Hi Lee,
> Let's further assume that we want to use the beta-weights and
> the intercept estimate to give us percent change, as in
> 100*beta/intercept.
>
> Obviously, this will only work with 1 particular scaling of the regressor.
If you scale the original signal by its mean for each voxel before running individual subject regression analysis, you would get around this problem. You can argue that such scaling is not accurate because mean is usually slightly bigger than intercept, but such inaccuracy is pretty negligible.
> But if I want to get percent change at the peak of the response,
> using 100*beta/intercept, don't I need to have the peak == 1 ?

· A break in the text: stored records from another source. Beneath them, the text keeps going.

(* Let $\{X_i\mid i\in I\}$ be a family of $T_0$-spaces. If the product space $\prod_{i\in I}X_i$ is a $d^{\ast}$-space, then each $X_i$ is a $d^{\ast}$-space.
   Context: All spaces are $T_0$. The specialization order of a space $X$ is given by $x\le y$ iff $x\in cl(\{y\})$; ${\uparrow}$ is taken with respect to it. A $T_0$-space $X$ is a $d^{\ast}$-space if for every directed $D\subseteq X$ (in the specialization order), every $x\in X$ and every nonempty open $U\subseteq X$, $\bigcap_{d\in D}{\uparrow}d\cap{\uparrow}x\subseteq U$ implies ${\uparrow}d\cap{\uparrow}x\subseteq U$ for some $d\in D$. *)

theory Defs
  imports "HOL-Analysis.Analysis"
begin

definition spec_le :: "'a topology \<Rightarrow> 'a \<Rightarrow> 'a \<Rightarrow> bool" where
  "spec_le X x y \<longleftrightarrow> x \<in> topspace X \<and> y \<in> topspace X \<and> x \<in> X closure_of {y}"

definition upset :: "'a topology \<Rightarrow> 'a \<Rightarrow> 'a set" where
  "upset X x = {y \<in> topspace X. spec_le X x y}"

definition directed_in :: "'a topology \<Rightarrow> 'a set \<Rightarrow> bool" where
  "directed_in X D \<longleftrightarrow> D \<subseteq> topspace X \<and> D \<noteq> {} \<and>
     (\<forall>a\<in>D. \<forall>b\<in>D. \<exists>c\<in>D. spec_le X a c \<and> spec_le X b c)"

definition dstar_space :: "'a topology \<Rightarrow> bool" where
  "dstar_space X \<longleftrightarrow> t0_space X \<and>
     (\<forall>D x U. directed_in X D \<and> x \<in> topspace X \<and> openin X U \<and> U \<noteq> {} \<and>
        (\<Inter>d\<in>D. upset X d) \<inter> upset X x \<subseteq> U
        \<longrightarrow> (\<exists>d\<in>D. upset X d \<inter> upset X x \<subseteq> U))"

end

(* Every factor X k of a product of nonempty spaces is a retract of the product via the projection,
   and the d*-property passes to retracts. Continuous maps preserve the specialization order, so for
   a retraction r with section s the data (D, x, U) in X k become (s ` D, s x, r -` U) in the
   product; the d found there also works in X k because r \<circ> s is the identity. *)
theory Submission
  imports Defs
begin

lemma spec_le_continuous_map:
  assumes "continuous_map X Y f" "spec_le X x y"
  shows "spec_le Y (f x) (f y)"
proof -
  have "f ` (X closure_of {y}) \<subseteq> Y closure_of {f y}"
    using continuous_map_image_closure_subset[OF assms(1), of "{y}"] by simp
  then show ?thesis
    using assms continuous_map_image_subset_topspace unfolding spec_le_def by blast
qed

lemma upset_subset_topspace: "upset X x \<subseteq> topspace X"
  unfolding upset_def by (rule Collect_restrict)

lemma upset_continuous_map:
  assumes "continuous_map X Y f"
  shows "f ` upset X x \<subseteq> upset Y (f x)"
proof
  fix z assume "z \<in> f ` upset X x"
  then obtain y where "spec_le X x y" "z = f y"
    unfolding upset_def by auto
  then have "spec_le Y (f x) z"
    using spec_le_continuous_map[OF assms] by simp
  then show "z \<in> upset Y (f x)"
    unfolding upset_def spec_le_def by simp
qed

lemma directed_in_continuous_map_image:
  assumes "continuous_map X Y f" "directed_in X D"
  shows "directed_in Y (f ` D)"
  unfolding directed_in_def
proof (intro conjI ballI)
  show "f ` D \<subseteq> topspace Y" "f ` D \<noteq> {}"
    using assms continuous_map_image_subset_topspace unfolding directed_in_def by blast+
next
  fix a' b' assume "a' \<in> f ` D" "b' \<in> f ` D"
  then obtain a b where ab: "a \<in> D" "b \<in> D" "a' = f a" "b' = f b"
    by auto
  then obtain c where "c \<in> D" "spec_le X a c" "spec_le X b c"
    using assms(2) ab(1,2) unfolding directed_in_def by blast
  then show "\<exists>c'\<in>f ` D. spec_le Y a' c' \<and> spec_le Y b' c'"
    using ab spec_le_continuous_map[OF assms(1)] by (intro bexI[of _ "f c"]) auto
qed

lemma dstar_space_retraction_map_image:
  assumes "retraction_map X Y r" and dstar: "dstar_space X"
  shows "dstar_space Y"
  unfolding dstar_space_def
proof (intro conjI allI impI)
  obtain s where r: "continuous_map X Y r" and s: "continuous_map Y X s"
    and rs: "\<And>y. y \<in> topspace Y \<Longrightarrow> r (s y) = y"
    using assms(1) unfolding retraction_map_def retraction_maps_def by blast
  have r_upset: "r g \<in> upset Y y" if "g \<in> upset X (s y)" "y \<in> topspace Y" for g y
    using upset_continuous_map[OF r, of "s y"] that rs by (metis image_subset_iff)
  have s_upset: "s g \<in> upset X (s y)" if "g \<in> upset Y y" for g y
    using upset_continuous_map[OF s, of y] that by (metis image_subset_iff)
  show "t0_space Y"
    using t0_space_retraction_map_image[OF assms(1)] dstar unfolding dstar_space_def by simp
  fix D x U
  assume "directed_in Y D \<and> x \<in> topspace Y \<and> openin Y U \<and> U \<noteq> {} \<and>
      (\<Inter>d\<in>D. upset Y d) \<inter> upset Y x \<subseteq> U"
  then have D: "directed_in Y D" and x: "x \<in> topspace Y" and U: "openin Y U" "U \<noteq> {}"
    and below_U: "(\<Inter>d\<in>D. upset Y d) \<inter> upset Y x \<subseteq> U"
    by auto
  have DY: "D \<subseteq> topspace Y"
    using D unfolding directed_in_def by simp
  define U' where "U' = {g \<in> topspace X. r g \<in> U}"
  have "openin X U'"
    unfolding U'_def using r U(1) by (rule openin_continuous_map_preimage)
  moreover have "U' \<noteq> {}"
  proof -
    obtain u where u: "u \<in> U" using U(2) by blast
    then have "u \<in> topspace Y"
      using U(1) openin_subset by blast
    then have "s u \<in> U'"
      using u s rs continuous_map_image_subset_topspace unfolding U'_def by fastforce
    then show ?thesis by blast
  qed
  moreover have "(\<Inter>d\<in>s ` D. upset X d) \<inter> upset X (s x) \<subseteq> U'"
  proof
    fix g assume g: "g \<in> (\<Inter>d\<in>s ` D. upset X d) \<inter> upset X (s x)"
    have "r g \<in> upset Y d" if "d \<in> D" for d
      using g that DY r_upset by auto
    moreover have "r g \<in> upset Y x"
      using g x r_upset by auto
    moreover have "g \<in> topspace X"
      using g subsetD[OF upset_subset_topspace] by auto
    ultimately show "g \<in> U'"
      using below_U unfolding U'_def by auto
  qed
  moreover have "directed_in X (s ` D)"
    using s D by (rule directed_in_continuous_map_image)
  moreover have "s x \<in> topspace X"
    using continuous_map_image_subset_topspace[OF s] x by blast
  ultimately obtain d' where "d' \<in> s ` D" "upset X d' \<inter> upset X (s x) \<subseteq> U'"
    using dstar unfolding dstar_space_def by meson
  then obtain d where d: "d \<in> D" and d_U': "upset X (s d) \<inter> upset X (s x) \<subseteq> U'"
    by auto
  have "upset Y d \<inter> upset Y x \<subseteq> U"
  proof
    fix y assume y: "y \<in> upset Y d \<inter> upset Y x"
    then have "s y \<in> U'"
      using d_U' s_upset by auto
    moreover have "y \<in> topspace Y"
      using y subsetD[OF upset_subset_topspace] by auto
    ultimately show "y \<in> U"
      using rs unfolding U'_def by auto
  qed
  then show "\<exists>d\<in>D. upset Y d \<inter> upset Y x \<subseteq> U"
    using d by auto
qed

theorem mainTheorem3:
  fixes X :: "'i \<Rightarrow> 'a topology" and I :: "'i set"
  assumes "\<And>i. i \<in> I \<Longrightarrow> t0_space (X i)"
    and "\<And>i. i \<in> I \<Longrightarrow> topspace (X i) \<noteq> {}"
    and "dstar_space (product_topology X I)"
  shows "\<forall>i\<in>I. dstar_space (X i)"
proof
  fix k assume "k \<in> I"
  moreover have "product_topology X I \<noteq> trivial_topology"
    using assms(2) by (metis product_topology_trivial_iff topspace_discrete_topology)
  ultimately have "retraction_map (product_topology X I) (X k) (\<lambda>f. f k)"
    by (simp add: retraction_map_product_projection)
  then show "dstar_space (X k)"
    using assms(3) by (rule dstar_space_retraction_map_image)
qed

end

This whole business of percent signal change is a little dicey to me: % signal change relative to the impulse response function or the whole HRF? This matters with block designs because you would scale the beta's differently.
> If I use waver with -peak 1 will that give me a peak of 1.0, an
> integral of 1.0 or what?
The default peak value (option -peak) for waver is 100. waver scales the impulse response function before the convolution is done. For example, with event-related design, the final peak of HRF is
(duration of the stimulus)/TR * peak
as seen in
waver -GAM -dt 2 -peak 1 -tstim 0:0.4 7.7:8.1 | 1dplot -stdin &
waver -GAM -dt 2 -tstim 0:0.4 7.7:8.1 | 1dplot -stdin &
Similar thing happens in block design:
waver -GAM -TR 1 -peak 1 -inline 16@1 40@0 16@1 40@0 | 1dplot -stdin &
waver -GAM -TR 2 peak 1 -inline 16@1 40@0 16@1 40@0 | 1dplot -stdin &
Well, I feel this probably doesn't matter much in the end. As long as you scale the original signal or beta's consistently across subjects, it should be fine at group level because it is the statistics that people pay more attention to. And the real percent signal change value is not really reliable considering various scaling approaches.